BEGIN
lemma open_hull_image_subset_iff:
  assumes "continuous_map X Y f" and "W \<subseteq> topspace X" and "openin Y G"
  shows "open_hull Y (f ` W) \<subseteq> G \<longleftrightarrow> W \<subseteq> preimage_in X f G"
proof -
  have "f ` W \<subseteq> topspace Y"
    using assms(1,2) continuous_map_image_subset_topspace by blast
  then have "open_hull Y (f ` W) \<subseteq> G \<longleftrightarrow> f ` W \<subseteq> G"
    by (rule open_hull_subset_iff[OF assms(3)])
  also have "\<dots> \<longleftrightarrow> W \<subseteq> preimage_in X f G"
    using assms(2) unfolding preimage_in_def by auto
  finally show ?thesis .
qed

lemma openin_eqI:
  assumes "openin Z A" and "openin Z B" and "\<And>W. openin Z W \<Longrightarrow> W \<subseteq> A \<longleftrightarrow> W \<subseteq> B"
  shows "A = B"
  using assms by blast

lemma openin_join_preserving: "join_preserving Z nab \<Longrightarrow> openin Z W \<Longrightarrow> openin Z (nab W)"
  unfolding join_preserving_def by simp

lemma join_preserving_Union:
  "join_preserving Z nab \<Longrightarrow> (\<And>W. W \<in> \<F> \<Longrightarrow> openin Z W) \<Longrightarrow> nab (\<Union>\<F>) = \<Union>(nab ` \<F>)"
  unfolding join_preserving_def by simp

lemma join_preserving_mono:
  assumes "join_preserving Z nab" and "openin Z A" and "openin Z B" and "A \<subseteq> B"
  shows "nab A \<subseteq> nab B"
proof -
  have "nab B = nab (\<Union>{A, B})"
    using assms(4) by (simp add: sup.absorb2)
  also have "\<dots> = \<Union>(nab ` {A, B})"
    using assms(2,3) by (intro join_preserving_Union[OF assms(1)]) auto
  finally show ?thesis by blast
qed

lemma openin_box_op: "openin Z (box_op Z nab U)"
  unfolding box_op_def by (rule openin_Union) blast

lemma subset_box_op_iff:
  assumes "join_preserving Z nab" and "openin Z W"
  shows "W \<subseteq> box_op Z nab U \<longleftrightarrow> nab W \<subseteq> U"
proof
  assume "W \<subseteq> box_op Z nab U"
  then have "nab W \<subseteq> nab (box_op Z nab U)"
    using assms join_preserving_mono openin_box_op by blast
  also have "\<dots> = \<Union>(nab ` {W. openin Z W \<and> nab W \<subseteq> U})"
    unfolding box_op_def by (rule join_preserving_Union[OF assms(1)]) simp
  also have "\<dots> \<subseteq> U"
    by blast
  finally show "nab W \<subseteq> U" .
qed (use assms(2) in \<open>auto simp: box_op_def\<close>)

lemma subset_heyting_imp_iff: "openin Z W \<Longrightarrow> W \<subseteq> heyting_imp Z A B \<longleftrightarrow> W \<inter> A \<subseteq> B"
  unfolding heyting_imp_def by blast

lemma openin_st_imp: "openin Z (st_imp Z nab A B)"
  unfolding st_imp_def by (rule openin_box_op)

lemma subset_st_imp_iff:
  assumes "join_preserving Z nab" and "openin Z W"
  shows "W \<subseteq> st_imp Z nab A B \<longleftrightarrow> nab W \<inter> A \<subseteq> B"
proof -
  have "openin Z (nab W)"
    by (rule openin_join_preserving[OF assms])
  then show ?thesis
    using assms by (simp add: st_imp_def subset_box_op_iff subset_heyting_imp_iff)
qed

lemma openin_eval:
  assumes "join_preserving Z nab" and "valuation Z V"
  shows "openin Z (eval Z nab V A)"
  using assms
  by (induction A) (auto simp: valuation_def openin_join_preserving openin_st_imp)

lemma valid_in_class_reflect:
  assumes "\<And>nab V. C\<^sub>Y Y nab \<Longrightarrow> valuation Y V \<Longrightarrow>
             \<exists>nab' U. C\<^sub>X X nab' \<and> valuation X U \<and> (models X nab' U s \<longleftrightarrow> models Y nab V s)"
    and "valid_in_class C\<^sub>X X s"
  shows "valid_in_class C\<^sub>Y Y s"
  using assms unfolding valid_in_class_def by metis

definition pullback_nabla ::
  "'a topology \<Rightarrow> 'b topology \<Rightarrow> ('a \<Rightarrow> 'b) \<Rightarrow> ('b set \<Rightarrow> 'b set) \<Rightarrow> 'a set \<Rightarrow> 'a set" where
  "pullback_nabla X Y f nab W = preimage_in X f (nab (open_hull Y (f ` W)))"

context
  fixes X :: "'a topology" and Y :: "'b topology" and f :: "'a \<Rightarrow> 'b"
    and nab :: "'b set \<Rightarrow> 'b set"
  assumes alex: "alexandroff Y"
    and cont: "continuous_map X Y f"
    and jp: "join_preserving Y nab"
begin

lemma openin_nab_open_hull: "openin Y (nab (open_hull Y S))"
  by (rule openin_join_preserving[OF jp openin_open_hull[OF alex]])

lemma join_preserving_pullback_nabla: "join_preserving X (pullback_nabla X Y f nab)"
  unfolding join_preserving_def
proof (intro conjI allI impI)
  show "openin X (pullback_nabla X Y f nab W)" for W
    unfolding pullback_nabla_def by (rule openin_preimage_in[OF cont openin_nab_open_hull])
next
  fix \<F> assume opens: "\<forall>W\<in>\<F>. openin X W"
  have "\<And>W. W \<in> \<F> \<Longrightarrow> f ` W \<subseteq> topspace Y"
    using opens openin_subset continuous_map_image_subset_topspace[OF cont] by blast
  then have "open_hull Y (\<Union>((`) f ` \<F>)) = \<Union>(open_hull Y ` (`) f ` \<F>)"
    by (intro open_hull_Union[OF alex]) blast
  then have "open_hull Y (f ` \<Union>\<F>) = \<Union>((\<lambda>W. open_hull Y (f ` W)) ` \<F>)"
    by (simp add: image_Union image_image)
  moreover have "nab (\<Union>((\<lambda>W. open_hull Y (f ` W)) ` \<F>)) = \<Union>((\<lambda>W. nab (open_hull Y (f ` W))) ` \<F>)"
    using openin_open_hull[OF alex] by (subst join_preserving_Union[OF jp]) (auto simp: image_image)
  ultimately show "pullback_nabla X Y f nab (\<Union>\<F>) = \<Union>(pullback_nabla X Y f nab ` \<F>)"
    unfolding pullback_nabla_def preimage_in_def by auto
qed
END
§ **INSTRUCTIONS FOR THE TASK**
Reproduce the listing above exactly.

§ **TASK SOLUTION**
lemma open_hull_image_subset_iff:
  assumes "continuous_map X Y f" and "W \<subseteq> topspace X" and "openin Y G"
  shows "open_hull Y (f ` W) \<subseteq> G \<longleftrightarrow> W \<subseteq> preimage_in X f G"
proof -
  have "f ` W \<subseteq> topspace Y"
    using assms(1,2) continuous_map_image_subset_topspace by blast
  then have "open_hull Y (f ` W) \<subseteq> G \<longleftrightarrow> f ` W \<subseteq> G"
    by (rule open_hull_subset_iff[OF assms(3)])
  also have "\<dots> \<longleftrightarrow> W \<subseteq> preimage_in X f G"
    using assms(2) unfolding preimage_in_def by auto
  finally show ?thesis .
qed

lemma openin_eqI:
  assumes "openin Z A" and "openin Z B" and "\<And>W. openin Z W \<Longrightarrow> W \<subseteq> A \<longleftrightarrow> W \<subseteq> B"
  shows "A = B"
  using assms by blast

lemma openin_join_preserving: "join_preserving Z nab \<Longrightarrow> openin Z W \<Longrightarrow> openin Z (nab W)"
  unfolding join_preserving_def by simp

lemma join_preserving_Union:
  "join_preserving Z nab \<Longrightarrow> (\<And>W. W \<in> \<F> \<Longrightarrow> openin Z W) \<Longrightarrow> nab (\<Union>\<F>) = \<Union>(nab ` \<F>)"
  unfolding join_preserving_def by simp

lemma join_preserving_mono:
  assumes "join_preserving Z nab" and "openin Z A" and "openin Z B" and "A \<subseteq> B"
  shows "nab A \<subseteq> nab B"
proof -
  have "nab B = nab (\<Union>{A, B})"
    using assms(4) by (simp add: sup.absorb2)
  also have "\<dots> = \<Union>(nab ` {A, B})"
    using assms(2,3) by (intro join_preserving_Union[OF assms(1)]) auto
  finally show ?thesis by blast
qed

lemma openin_box_op: "openin Z (box_op Z nab U)"
  unfolding box_op_def by (rule openin_Union) blast

lemma subset_box_op_iff:
  assumes "join_preserving Z nab" and "openin Z W"
  shows "W \<subseteq> box_op Z nab U \<longleftrightarrow> nab W \<subseteq> U"
proof
  assume "W \<subseteq> box_op Z nab U"
  then have "nab W \<subseteq> nab (box_op Z nab U)"
    using assms join_preserving_mono openin_box_op by blast
  also have "\<dots> = \<Union>(nab ` {W. openin Z W \<and> nab W \<subseteq> U})"
    unfolding box_op_def by (rule join_preserving_Union[OF assms(1)]) simp
  also have "\<dots> \<subseteq> U"
    by blast
  finally show "nab W \<subseteq> U" .
qed (use assms(2) in \<open>auto simp: box_op_def\<close>)

lemma subset_heyting_imp_iff: "openin Z W \<Longrightarrow> W \<subseteq> heyting_imp Z A B \<longleftrightarrow> W \<inter> A \<subseteq> B"
  unfolding heyting_imp_def by blast

lemma openin_st_imp: "openin Z (st_imp Z nab A B)"
  unfolding st_imp_def by (rule openin_box_op)

lemma subset_st_imp_iff:
  assumes "join_preserving Z nab" and "openin Z W"
  shows "W \<subseteq> st_imp Z nab A B \<longleftrightarrow> nab W \<inter> A \<subseteq> B"
proof -
  have "openin Z (nab W)"
    by (rule openin_join_preserving[OF assms])
  then show ?thesis
    using assms by (simp add: st_imp_def subset_box_op_iff subset_heyting_imp_iff)
qed

lemma openin_eval:
  assumes "join_preserving Z nab" and "valuation Z V"
  shows "openin Z (eval Z nab V A)"
  using assms
  by (induction A) (auto simp: valuation_def openin_join_preserving openin_st_imp)

lemma valid_in_class_reflect:
  assumes "\<And>nab V. C\<^sub>Y Y nab \<Longrightarrow> valuation Y V \<Longrightarrow>
             \<exists>nab' U. C\<^sub>X X nab' \<and> valuation X U \<and> (models X nab' U s \<longleftrightarrow> models Y nab V s)"
    and "valid_in_class C\<^sub>X X s"
  shows "valid_in_class C\<^sub>Y Y s"
  using assms unfolding valid_in_class_def by metis

definition pullback_nabla ::
  "'a topology \<Rightarrow> 'b topology \<Rightarrow> ('a \<Rightarrow> 'b) \<Rightarrow> ('b set \<Rightarrow> 'b set) \<Rightarrow> 'a set \<Rightarrow> 'a set" where
  "pullback_nabla X Y f nab W = preimage_in X f (nab (open_hull Y (f ` W)))"

context
  fixes X :: "'a topology" and Y :: "'b topology" and f :: "'a \<Rightarrow> 'b"
    and nab :: "'b set \<Rightarrow> 'b set"
  assumes alex: "alexandroff Y"
    and cont: "continuous_map X Y f"
    and jp: "join_preserving Y nab"
begin

lemma openin_nab_open_hull: "openin Y (nab (open_hull Y S))"
  by (rule openin_join_preserving[OF jp openin_open_hull[OF alex]])

lemma join_preserving_pullback_nabla: "join_preserving X (pullback_nabla X Y f nab)"
  unfolding join_preserving_def
proof (intro conjI allI impI)
  show "openin X (pullback_nabla X Y f nab W)" for W
    unfolding pullback_nabla_def by (rule openin_preimage_in[OF cont openin_nab_open_hull])
next
  fix \<F> assume opens: "\<forall>W\<in>\<F>. openin X W"
  have "\<And>W. W \<in> \<F> \<Longrightarrow> f ` W \<subseteq> topspace Y"
    using opens openin_subset continuous_map_image_subset_topspace[OF cont] by blast
  then have "open_hull Y (\<Union>((`) f ` \<F>)) = \<Union>(open_hull Y ` (`) f ` \<F>)"
    by (intro open_hull_Union[OF alex]) blast
  then have "open_hull Y (f ` \<Union>\<F>) = \<Union>((\<lambda>W. open_hull Y (f ` W)) ` \<F>)"
    by (simp add: image_Union image_image)
  moreover have "nab (\<Union>((\<lambda>W. open_hull Y (f ` W)) ` \<F>)) = \<Union>((\<lambda>W. nab (open_hull Y (f ` W))) ` \<F>)"
    using openin_open_hull[OF alex] by (subst join_preserving_Union[OF jp]) (auto simp: image_image)
  ultimately show "pullback_nabla X Y f nab (\<Union>\<F>) = \<Union>(pullback_nabla X Y f nab ` \<F>)"
    unfolding pullback_nabla_def preimage_in_def by auto
qed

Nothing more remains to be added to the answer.